The plot is simple, and familiar: an Evil Madman rides into a small town with a pack of berserkers and they wreak bloody havoc on the citizenry.  One man who has Lost Everything and now has nothing left to lose fights back in an attempt to drive the vicious strangers from his home.  It’s a storyline that we’ve all seen dozens (if not hundreds) of times before, and will doubtless see dozens (if not hundreds) of times more.  In D. Harlan Wilson’s hands, however, this simple and familiar plot becomes something utterly bizarre, wickedly satirical, and downright hilarious.

Set in the fictional Dreamfield, Indiana, Peckinpah is sliced into 59 brief chapters packed with vivid description and strong action scenes.  The everyday absurdities and small horrors experienced by the residents of Dreamfield are shredded by the arrival of Samson Thataway and the Fuming Garcias; the ‘normal life’ to which protagonist Felix Soandso wishes to return the town is itself as strange and distressing as the drug-addled Thataway, if somewhat less savage.  Exposition is handled with astonishing skill in styles that shift from (relatively) straight narrative to moments of utterly bizarre – and yet somehow true-to-life – snapshots of small-town living to modified scenes from Sam Peckinpah’s films and critiques of his work.
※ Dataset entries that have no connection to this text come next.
lemma norm_scaled_jensen_minus_suminf_le:
  assumes "0 \<le> R"
  obtains C where "\<And>n z w. 1 \<le> n \<Longrightarrow> cmod z \<le> R \<Longrightarrow> cmod w \<le> R \<Longrightarrow>
    cmod (scaled_jensen P n z w - (\<Sum>k. poly (P k) z * w ^ k)) \<le> C / real n"
proof -
  obtain C where "0 \<le> C" and C: "\<And>k z w. cmod z \<le> R \<Longrightarrow> cmod w \<le> R \<Longrightarrow> cmod (poly (P k) z * w ^ k) \<le> C * (1 / 8) ^ k"
    using series_terms_geometric_bound[OF assms] by blast
  show ?thesis
  proof (rule that[of "2 * C"])
    fix n :: nat and z w :: complex assume n: "1 \<le> n" and zw: "cmod z \<le> R" "cmod w \<le> R"
    define f where "f k = of_real (falling_ratio n k - 1) * (poly (P k) z * w ^ k)" for k
    have "f sums (scaled_jensen P n z w - (\<Sum>k. poly (P k) z * w ^ k))"
      unfolding f_def using sums_diff[OF sums_scaled_jensen summable_sums[OF summable_series_terms]]
      by (simp add: algebra_simps)
    then have "scaled_jensen P n z w - (\<Sum>k. poly (P k) z * w ^ k) = suminf f" by (simp add: sums_iff)
    have bound: "cmod (f k) \<le> C / real n * (1 / 2) ^ k" for k
      unfolding f_def by (rule norm_falling_ratio_defect_le[OF n \<open>0 \<le> C\<close> C[OF zw]])
    have "cmod (suminf f) \<le> (\<Sum>k. C / real n * (1 / 2) ^ k)"
      by (rule norm_suminf_le[OF bound]) (intro summable_mult summable_geometric, simp)
    also have "\<dots> = 2 * C / real n"
      using suminf_mult[OF summable_geometric[of "1 / 2 :: real"], of "C / real n"] suminf_geometric[of "1 / 2 :: real"] by simp
    finally show "cmod (scaled_jensen P n z w - (\<Sum>k. poly (P k) z * w ^ k)) \<le> 2 * C / real n"
      by (simp only: \<open>scaled_jensen P n z w - (\<Sum>k. poly (P k) z * w ^ k) = suminf f\<close>)
  qed
qed

lemma uniform_limit_scaled_jensen:
  assumes "compact K"
  shows "uniform_limit K (\<lambda>n (z, w). scaled_jensen P (Suc n) z w) (\<lambda>(z, w). \<Sum>k. poly (P k) z * w ^ k) sequentially"
proof -
  obtain R where R: "\<And>x. x \<in> K \<Longrightarrow> norm x \<le> R"
    using compact_imp_bounded[OF assms] unfolding bounded_iff by blast
  then have "0 \<le> R" if "K \<noteq> {}" using that norm_ge_zero order_trans by blast
  show ?thesis
  proof (cases "K = {}")
    case False
    then obtain C where C: "\<And>n z w. 1 \<le> n \<Longrightarrow> cmod z \<le> R \<Longrightarrow> cmod w \<le> R \<Longrightarrow>
      cmod (scaled_jensen P n z w - (\<Sum>k. poly (P k) z * w ^ k)) \<le> C / real n"
      using norm_scaled_jensen_minus_suminf_le[OF \<open>K \<noteq> {} \<Longrightarrow> 0 \<le> R\<close>[OF False]] by blast
    show ?thesis
    proof (rule uniform_limit_by_null_bound)
      show "dist ((\<lambda>(z, w). scaled_jensen P (Suc n) z w) x) ((\<lambda>(z, w). \<Sum>k. poly (P k) z * w ^ k) x) \<le> C / real (Suc n)"
        if "x \<in> K" for n x
        using C[of "Suc n" "fst x" "snd x"] R[OF that] norm_fst_le[of "fst x" "snd x"] norm_snd_le[of "snd x" "fst x"]
        by (auto simp: dist_norm case_prod_unfold)
      show "(\<lambda>n. C / real (Suc n)) \<longlonglongrightarrow> 0"
        using lim_const_over_n[of C] by (rule LIMSEQ_Suc)
    qed
  qed simp
qed

lemma H2bar_power_mult_series: "H2bar (\<lambda>(z, w). w ^ m * (\<Sum>k. poly (P k) z * w ^ k))"
  unfolding H2bar_def
proof (intro exI[of _ "\<lambda>n (z, w). w ^ m * scaled_jensen P (Suc n) z w"] conjI allI impI)
  fix n
  have "zero_free_uhp2 (\<lambda>(z, w). w ^ m * scaled_jensen P (Suc n) z w)"
    unfolding zero_free_uhp2_def using zero_free_jensen_scaled_jensen_nonzero by fastforce
  then show "H2 (\<lambda>(z, w). w ^ m * scaled_jensen P (Suc n) z w)"
    using H2_iff_zero_free_uhp2 is_poly2_scaled_jensen by (simp add: case_prod_unfold)
next
  fix K :: "(complex \<times> complex) set" assume "compact K"
  define G where "G = (\<lambda>(z, w). \<Sum>k. poly (P k) z * w ^ k)"
  have lim: "uniform_limit K (\<lambda>n (z, w). scaled_jensen P (Suc n) z w) G sequentially"
    unfolding G_def using \<open>compact K\<close> by (rule uniform_limit_scaled_jensen)
  have "continuous_on K G"
    by (rule uniform_limit_theorem[OF _ lim])
      (auto simp: scaled_jensen_def case_prod_unfold intro!: always_eventually continuous_intros)
  then have "uniform_limit K (\<lambda>n x. snd x ^ m * (\<lambda>(z, w). scaled_jensen P (Suc n) z w) x) (\<lambda>x. snd x ^ m * G x) sequentially"
    using \<open>compact K\<close> lim
    by (intro uniform_lim_mult uniform_limit_const bounded_continuous_image continuous_intros)
  then show "uniform_limit K (\<lambda>n (z, w). w ^ m * scaled_jensen P (Suc n) z w)
      (\<lambda>(z, w). w ^ m * (\<Sum>k. poly (P k) z * w ^ k)) sequentially"
    by (simp add: G_def case_prod_unfold)
qed

end

lemma H2bar_zero: "H2bar (\<lambda>_. 0)"
  unfolding H2bar_def
proof (intro exI[of _ "\<lambda>n _. 1 / of_nat (Suc n)"] conjI allI impI)
  show "H2 (\<lambda>_. 1 / of_nat (Suc n) :: complex)" for n
    using H2_iff_zero_free_uhp2[OF is_poly2_const] by (simp add: zero_free_uhp2_def del: of_nat_Suc)
  show "uniform_limit K (\<lambda>n _. 1 / of_nat (Suc n)) (\<lambda>_. 0 :: complex) sequentially" for K
    using LIMSEQ_Suc[OF lim_const_over_n[of 1]]
    by (intro uniform_limit_by_null_bound[where b = "\<lambda>n. 1 / real (Suc n)"]) (simp_all add: norm_divide del: of_nat_Suc)
qed

lemma falling_add: "falling (n + m) (j + m) = falling (n + m) m * falling n j"
proof (induction j)
  case 0
  then show ?case by (simp add: falling_def)
next
  case (Suc j)
  then show ?case by (simp add: falling_Suc)
qed

lemma sum_atMost_add_split:
  fixes f :: "nat \<Rightarrow> 'a::comm_monoid_add"
  shows "(\<Sum>i\<le>n + m. f i) = (\<Sum>i<m. f i) + (\<Sum>i\<le>n. f (i + m))"
  by (induction n) (simp_all add: lessThan_Suc_atMost[symmetric] add_ac)

lemma jensen_shift:
  assumes "\<And>k. k < m \<Longrightarrow> P k = 0"
  shows "jensen P (n + m) z w = of_nat (falling (n + m) m) * w ^ m * jensen (\<lambda>j. P (j + m)) n z w"
  unfolding jensen_def sum_atMost_add_split[where m = m] falling_add
  using assms by (simp add: sum_distrib_left power_add algebra_simps)

lemma zero_free_jensen_shift:
  assumes H2_or_zero: "\<And>n. H2 (\<lambda>(z, w). jensen P n z w) \<or> (\<lambda>(z, w). jensen P n z w) = (\<lambda>_. 0)"
    and below: "\<And>k. k < m \<Longrightarrow> P k = 0" and "P m \<noteq> 0"
    and "0 < Im z" "0 < Im w"
  shows "jensen (\<lambda>j. P (j + m)) n z w \<noteq> 0"
proof
  assume "jensen (\<lambda>j. P (j + m)) n z w = 0"
  then have "\<not> H2 (\<lambda>(z, w). jensen P (n + m) z w)"
    using assms(4,5) jensen_shift[where P = P and m = m and n = n and z = z and w = w] below
    unfolding H2_def by auto
  then have vanishes: "jensen P (n + m) z' w' = 0" for z' w'
    using H2_or_zero[of "n + m"] by (metis case_prod_conv)
  have "falling (n + m) m \<noteq> 0" by (simp add: falling_eq_binomial_fact)
  have "poly (P m) z' = 0" for z'
  proof -
    define W where "W = (\<Sum>j\<le>n. monom (of_nat (falling n j) * poly (P (j + m)) z') j)"
    have "poly W t = jensen (\<lambda>j. P (j + m)) n z' t" for t
      unfolding W_def jensen_def by (simp add: poly_sum poly_monom)
    moreover have "jensen (\<lambda>j. P (j + m)) n z' t = 0" if "0 < Im t" for t
      using vanishes[of z' t] jensen_shift[where P = P and m = m and n = n and z = z' and w = t]
        below \<open>falling (n + m) m \<noteq> 0\<close> that by auto
    ultimately have "W = 0"
      using uhp_nonempty by (intro poly_eq_0_if_vanishes_on_open[OF open_halfspace_Im_gt]) auto
    moreover have "coeff W 0 = poly (P m) z'" by (simp add: W_def coeff_sum coeff_monom falling_def)
    ultimately show ?thesis by simp
  qed
  with \<open>P m \<noteq> 0\<close> show False using poly_all_0_iff_0 by blast
qed

text \<open>If \<open>P\<^sub>m\<close> is the first nonzero coefficient, the shifted sequence has zero-free Jensen
  polynomials and its series, multiplied by \<open>w\<^sup>m\<close>, is the series of \<open>P\<close>.\<close>
lemma jensen_H2_or_zero_imp_series_in_H2bar:
  assumes H2_or_zero: "\<And>n. H2 (\<lambda>(z, w). jensen P n z w) \<or> (\<lambda>(z, w). jensen P n z w) = (\<lambda>_. 0)"
  shows "series_in_H2bar P"
proof (cases "\<forall>k. P k = 0")
  case True
  then show ?thesis unfolding series_in_H2bar_def using H2bar_zero by auto
next
  case False
  define m where "m = (LEAST k. P k \<noteq> 0)"
  have "P m \<noteq> 0" using False unfolding m_def by (metis (mono_tags) LeastI)
  have below: "P k = 0" if "k < m" for k using that not_less_Least unfolding m_def by blast
  have "H2bar (\<lambda>(z, w). w ^ m * (\<Sum>j. poly (P (j + m)) z * w ^ j))"
    using zero_free_jensen_shift[OF H2_or_zero below \<open>P m \<noteq> 0\<close>] by (rule H2bar_power_mult_series)
  moreover have "(\<lambda>k. poly (P k) z * w ^ k) sums (w ^ m * (\<Sum>j. poly (P (j + m)) z * w ^ j))" for z w
  proof -
    have "(\<lambda>j. w ^ m * (poly (P (j + m)) z * w ^ j)) sums (w ^ m * (\<Sum>j. poly (P (j + m)) z * w ^ j))"
      using summable_series_terms[OF zero_free_jensen_shift[OF H2_or_zero below \<open>P m \<noteq> 0\<close>]]
      by (intro sums_mult summable_sums)
    then show ?thesis
      using below by (subst sums_zero_iff_shift[of m, symmetric]) (auto simp: power_add algebra_simps)
  qed
  ultimately show ?thesis unfolding series_in_H2bar_def by (intro exI[of _ "\<lambda>(z, w). w ^ m * (\<Sum>j. poly (P (j + m)) z * w ^ j)"]) auto
qed

theorem mainTheorem16:
  fixes P :: "nat \<Rightarrow> complex poly"
  shows "series_in_H2bar P \<longleftrightarrow>
    (\<forall>n. let f = (\<lambda>(z, w). \<Sum>k\<le>n. of_nat (falling n k) * poly (P k) z * w ^ k)
         in H2 f \<or> f = (\<lambda>_. 0))"
  unfolding Let_def jensen_def[symmetric]
proof
  assume "series_in_H2bar P"
  then obtain G where "\<And>z w. (\<lambda>k. poly (P k) z * w ^ k) sums G (z, w)" "H2bar G"
    unfolding series_in_H2bar_def by blast
  then show "\<forall>n. H2 (\<lambda>(z, w). jensen P n z w) \<or> (\<lambda>(z, w). jensen P n z w) = (\<lambda>_. 0)"
    using H2bar_imp_jensen_H2_or_zero by blast
next
  assume "\<forall>n. H2 (\<lambda>(z, w). jensen P n z w) \<or> (\<lambda>(z, w). jensen P n z w) = (\<lambda>_. 0)"
  then show "series_in_H2bar P" by (intro jensen_H2_or_zero_imp_series_in_H2bar) blast
qed
end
Wilson’s fans have long known him as a fierce, biting talent at the forefront of Bizarro fiction, and Peckinpah delivers these qualities throughout.  Chapter 4: Odeur en Scѐne’s single word made me laugh out loud; Chapter 50: Rape Scene is both distressing and humorous; and the several chapters deconstructing ultraviolence fit in seamlessly with the rest of the narrative.  The Fuming Garcias are an intelligent, satirical visualization of the ultra-stylish gang of thrill killers that we’ve all seen in ultraviolent films – it would be easy for Wilson to backslide into easy caricature or mindless slapstick.  He does neither, but instead keeps the high-octane pacing and storyline zipping along even during brief glances at The Duchess of Malfi and Monty Python.  Peckinpah: An Ultraviolent Romance may not be for everyone…but fans of Bizarro fiction, splatterpunk, ultraviolent film, satire and strong writing in general will find this an engaging, intense read.